[EXTRACTED INFORMATION — start]
(* Let $(P,\leq,{}',0,1)$ be a generalized orthomodular poset and define $R(x,y):=LU(x',y)$ for all $x,y\in P$. Then $(P,\leq,{}',R,0,1)$ is a conditionally operator residuated poset satisfying operator divisibility. Explicitly, for all $x,y,z\in P$: (i) if $x'\leq y$ and $L(x,y)\subseteq L(z)$ then $L(x)\subseteq R(y,z)$; (ii) if $z\leq y$ and $L(x)\subseteq R(y,z)$ then $L(x,y)\subseteq L(z)$; (iii) $R(x,0)=L(x')$; (iv) $R(x'',x)=P$; and moreover $x\leq y$ implies $L(y,U(R(y,x)))=L(x)$.
   Context: For a poset $(P,\leq)$ and $A\subseteq P$: $L(A):=\{x\in P\mid x\leq a\text{ for all }a\in A\}$, $U(A):=\{x\in P\mid a\leq x\text{ for all }a\in A\}$. We write $L(a,b)$ for $L(\{a,b\})$, $L(a,B)$ for $L(\{a\}\cup B)$, $LU(A)$ for $L(U(A))$, $ULU(A)=U(L(U(A)))$, etc.; for $A\subseteq P$, $A':=\{x'\mid x\in A\}$. An orthoposet is a bounded poset $(P,\leq,{}',0,1)$ with a unary operation $'$ that is an antitone involution ($x''=x$, and $x\leq y\Rightarrow y'\leq x'$) and a complementation ($L(x,x')=\{0\}$, $U(x,x')=\{1\}$). A generalized orthomodular poset is an orthoposet satisfying: for all $x,y\in P$, $x\leq y$ implies $U(y)=U(x,L(x',y))$. A conditionally operator residuated poset is a tuple $(P,\leq,{}',R,0,1)$ where $(P,\leq,0,1)$ is a bounded poset, $'$ is an antitone unary operation, and $R:P^2\to 2^P$ satisfies (i)–(iv) above; it satisfies operator divisibility if $x\leq y$ implies $L(y,U(R(y,x)))=L(x)$. *)

theory Defs
  imports Main
begin

text \<open>Posets are modelled as types of class order; the whole type is the carrier P.\<close>

definition Lo :: "'a::order set \<Rightarrow> 'a set" where
  "Lo A = {x. \<forall>a\<in>A. x \<le> a}"

definition Uo :: "'a::order set \<Rightarrow> 'a set" where
  "Uo A = {x. \<forall>a\<in>A. a \<le> x}"

definition bounded_poset :: "'a::order \<Rightarrow> 'a \<Rightarrow> bool" where
  "bounded_poset z o1 \<longleftrightarrow> (\<forall>x. z \<le> x \<and> x \<le> o1)"

definition orthoposet :: "('a::order \<Rightarrow> 'a) \<Rightarrow> 'a \<Rightarrow> 'a \<Rightarrow> bool" where
  "orthoposet c z o1 \<longleftrightarrow> bounded_poset z o1 \<and>
     (\<forall>x. c (c x) = x) \<and> (\<forall>x y. x \<le> y \<longrightarrow> c y \<le> c x) \<and>
     (\<forall>x. Lo {x, c x} = {z} \<and> Uo {x, c x} = {o1})"

definition generalized_orthomodular_poset :: "('a::order \<Rightarrow> 'a) \<Rightarrow> 'a \<Rightarrow> 'a \<Rightarrow> bool" where
  "generalized_orthomodular_poset c z o1 \<longleftrightarrow> orthoposet c z o1 \<and>
     (\<forall>x y. x \<le> y \<longrightarrow> Uo {y} = Uo ({x} \<union> Lo {c x, y}))"

definition cond_operator_residuated_poset ::
  "('a::order \<Rightarrow> 'a) \<Rightarrow> ('a \<Rightarrow> 'a \<Rightarrow> 'a set) \<Rightarrow> 'a \<Rightarrow> 'a \<Rightarrow> bool" where
  "cond_operator_residuated_poset c R z o1 \<longleftrightarrow> bounded_poset z o1 \<and>
     (\<forall>x y. x \<le> y \<longrightarrow> c y \<le> c x) \<and>
     (\<forall>x y w. c x \<le> y \<and> Lo {x, y} \<subseteq> Lo {w} \<longrightarrow> Lo {x} \<subseteq> R y w) \<and>
     (\<forall>x y w. w \<le> y \<and> Lo {x} \<subseteq> R y w \<longrightarrow> Lo {x, y} \<subseteq> Lo {w}) \<and>
     (\<forall>x. R x z = Lo {c x}) \<and>
     (\<forall>x. R (c (c x)) x = UNIV)"

definition operator_divisibility ::
  "('a::order \<Rightarrow> 'a \<Rightarrow> 'a set) \<Rightarrow> bool" where
  "operator_divisibility R \<longleftrightarrow>
     (\<forall>x y. x \<le> y \<longrightarrow> Lo ({y} \<union> Uo (R y x)) = Lo {x})"

end

theory Submission
  imports Defs
begin

text \<open>The generalized orthomodular law is self-dual: transporting it along the antitone
involution \<open>'\<close> gives \<open>L(x) = L(y, U(y', x))\<close> for \<open>x \<le> y\<close>. Since \<open>ULU = U\<close>, this is exactly
operator divisibility for \<open>R(y, x) = LU(y', x)\<close>, and it also yields the implication (ii)
of the residuation. The converse implication (i) comes from the law itself applied to
\<open>y' \<le> x\<close>; (iii) and (iv) only use that \<open>0\<close> is the bottom and \<open>U(x, x') = {1}\<close>.\<close>

lemma Uo_Lo_Uo: "Uo (Lo (Uo A)) = Uo A"
  unfolding Lo_def Uo_def by auto

lemma Lo_Uo_singleton: "Lo (Uo {a}) = Lo {a}"
  unfolding Lo_def Uo_def by auto

lemma Lo_Un: "Lo (A \<union> B) = Lo A \<inter> Lo B"
  unfolding Lo_def by auto

lemma image_Lo_antitone_involution:
  assumes inv: "\<And>a. c (c a) = a" and anti: "\<And>a b. a \<le> b \<Longrightarrow> c b \<le> c a"
  shows "c ` Lo A = Uo (c ` A)"
proof -
  have le_iff: "c a \<le> b \<longleftrightarrow> c b \<le> a" for a b
    by (metis anti inv)
  have "x \<in> c ` Lo A \<longleftrightarrow> x \<in> Uo (c ` A)" for x
    using inv le_iff[of _ x] by (auto simp: Lo_def Uo_def image_iff)
  thus ?thesis by blast
qed

lemma image_Uo_antitone_involution:
  assumes inv: "\<And>a. c (c a) = a" and anti: "\<And>a b. a \<le> b \<Longrightarrow> c b \<le> c a"
  shows "c ` Uo A = Lo (c ` A)"
proof -
  have "c ` Lo (c ` A) = Uo A"
    using image_Lo_antitone_involution[OF inv anti, of "c ` A"] inv
    by (simp add: image_comp comp_def)
  hence "c ` c ` Lo (c ` A) = c ` Uo A" by simp
  thus ?thesis using inv by (simp add: image_comp comp_def)
qed

lemma gomp_orthoposet:
  "generalized_orthomodular_poset c z o1 \<Longrightarrow> orthoposet c z o1"
  unfolding generalized_orthomodular_poset_def by (rule conjunct1)

lemma gomp_bounded:
  assumes "generalized_orthomodular_poset c z o1"
  shows "bounded_poset z o1"
  using gomp_orthoposet[OF assms] unfolding orthoposet_def by (rule conjunct1)

lemma gomp_involution:
  assumes "generalized_orthomodular_poset c z o1"
  shows "c (c a) = a"
  using gomp_orthoposet[OF assms] unfolding orthoposet_def by simp

lemma gomp_antitone:
  assumes "generalized_orthomodular_poset c z o1" and "a \<le> b"
  shows "c b \<le> c a"
  using gomp_orthoposet[OF assms(1)] assms(2) unfolding orthoposet_def by simp

lemma gomp_complement_join:
  assumes "generalized_orthomodular_poset c z o1"
  shows "Uo {a, c a} = {o1}"
  using gomp_orthoposet[OF assms] unfolding orthoposet_def by simp

lemma gomp_law:
  assumes "generalized_orthomodular_poset c z o1" and "x \<le> y"
  shows "Uo {y} = Uo ({x} \<union> Lo {c x, y})"
  using assms unfolding generalized_orthomodular_poset_def by blast

lemma gomp_law_dual:
  assumes g: "generalized_orthomodular_poset c z o1" and "x \<le> y"
  shows "Lo {x} = Lo ({y} \<union> Uo {c y, x})"
proof -
  note inv = gomp_involution[OF g] and anti = gomp_antitone[OF g]
  have "Uo {c x} = Uo ({c y} \<union> Lo {y, c x})"
    using gomp_law[OF g anti[OF \<open>x \<le> y\<close>]] by (simp add: inv)
  hence "c ` Uo {c x} = c ` Uo ({c y} \<union> Lo {y, c x})" by simp
  also have "c ` Uo ({c y} \<union> Lo {y, c x}) = Lo ({y} \<union> c ` Lo {y, c x})"
    by (simp add: image_Uo_antitone_involution[OF inv anti] inv)
  also have "c ` Lo {y, c x} = Uo {c y, x}"
    by (simp add: image_Lo_antitone_involution[OF inv anti] inv)
  finally show ?thesis
    by (simp add: image_Uo_antitone_involution[OF inv anti] inv)
qed

lemma gomp_operator_divisibility:
  assumes "generalized_orthomodular_poset c z o1" and "x \<le> y"
  shows "Lo ({y} \<union> Uo (Lo (Uo {c y, x}))) = Lo {x}"
  using gomp_law_dual[OF assms] by (simp add: Uo_Lo_Uo)

lemma gomp_residuation_intro:
  assumes g: "generalized_orthomodular_poset c z o1"
    and "c x \<le> y" and meet: "Lo {x, y} \<subseteq> Lo {w}"
  shows "Lo {x} \<subseteq> Lo (Uo {c y, w})"
proof -
  have "c y \<le> x"
    using gomp_antitone[OF g \<open>c x \<le> y\<close>] by (simp add: gomp_involution[OF g])
  hence U_x: "Uo {x} = Uo ({c y} \<union> Lo {y, x})"
    using gomp_law[OF g] by (simp add: gomp_involution[OF g])
  have "Uo {c y, w} \<subseteq> Uo ({c y} \<union> Lo {y, x})"
  proof
    fix u assume u: "u \<in> Uo {c y, w}"
    have "s \<le> u" if "s \<in> Lo {y, x}" for s
    proof -
      have "s \<le> w" using that meet by (auto simp: Lo_def)
      thus ?thesis using u by (auto simp: Uo_def intro: order_trans)
    qed
    thus "u \<in> Uo ({c y} \<union> Lo {y, x})" using u by (auto simp: Uo_def)
  qed
  hence "Uo {c y, w} \<subseteq> Uo {x}" by (simp add: U_x)
  thus ?thesis by (auto simp: Lo_def Uo_def)
qed

lemma gomp_residuation_elim:
  assumes g: "generalized_orthomodular_poset c z o1"
    and "w \<le> y" and le_R: "Lo {x} \<subseteq> Lo (Uo {c y, w})"
  shows "Lo {x, y} \<subseteq> Lo {w}"
proof
  fix t assume "t \<in> Lo {x, y}"
  hence "t \<in> Lo {x}" and "t \<le> y" by (auto simp: Lo_def)
  hence "t \<in> Lo {y} \<inter> Lo (Uo {c y, w})"
    using le_R by (auto simp: Lo_def)
  hence "t \<in> Lo ({y} \<union> Uo {c y, w})"
    unfolding Lo_Un by blast
  thus "t \<in> Lo {w}" by (simp add: gomp_law_dual[OF g \<open>w \<le> y\<close>])
qed

lemma gomp_residuum_bot:
  assumes "generalized_orthomodular_poset c z o1"
  shows "Lo (Uo {c x, z}) = Lo {c x}"
proof -
  have "\<And>a. z \<le> a"
    using gomp_bounded[OF assms] unfolding bounded_poset_def by blast
  hence "Uo {c x, z} = Uo {c x}" by (auto simp: Uo_def)
  thus ?thesis by (simp add: Lo_Uo_singleton)
qed

lemma gomp_residuum_top:
  assumes g: "generalized_orthomodular_poset c z o1"
  shows "Lo (Uo {c (c (c x)), x}) = UNIV"
proof -
  have "Uo {x, c x} = {o1}" and "\<And>a. a \<le> o1"
    using gomp_complement_join[OF g] gomp_bounded[OF g] unfolding bounded_poset_def by blast+
  moreover have "{c (c (c x)), x} = {x, c x}"
    by (auto simp: gomp_involution[OF g])
  ultimately show ?thesis by (auto simp: Lo_def)
qed

theorem mainTheorem1:
  fixes c :: "'a::order \<Rightarrow> 'a" and z o1 :: 'a
  assumes "generalized_orthomodular_poset c z o1"
  shows "cond_operator_residuated_poset c (\<lambda>x y. Lo (Uo {c x, y})) z o1
         \<and> operator_divisibility (\<lambda>x y. Lo (Uo {c x, y}))"
  unfolding cond_operator_residuated_poset_def operator_divisibility_def
  using gomp_bounded[OF assms] gomp_antitone[OF assms] gomp_residuation_intro[OF assms]
    gomp_residuation_elim[OF assms] gomp_residuum_bot[OF assms]
    gomp_residuum_top[OF assms] gomp_operator_divisibility[OF assms]
  by blast

end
[EXTRACTED INFORMATION — finish]
WHAT TO PRODUCE>
Scan the entries above and copy each line where "thus" occurs.

SOLUTION TO THE PROBLEM>
  thus ?thesis by blast
  thus ?thesis using inv by (simp add: image_comp comp_def)
      thus ?thesis using u by (auto simp: Uo_def intro: order_trans)
    thus "u \<in> Uo ({c y} \<union> Lo {y, x})" using u by (auto simp: Uo_def)
  thus ?thesis by (auto simp: Lo_def Uo_def)
  thus "t \<in> Lo {w}" by (simp add: gomp_law_dual[OF g \<open>w \<le> y\<close>])
  thus ?thesis by (simp add: Lo_Uo_singleton)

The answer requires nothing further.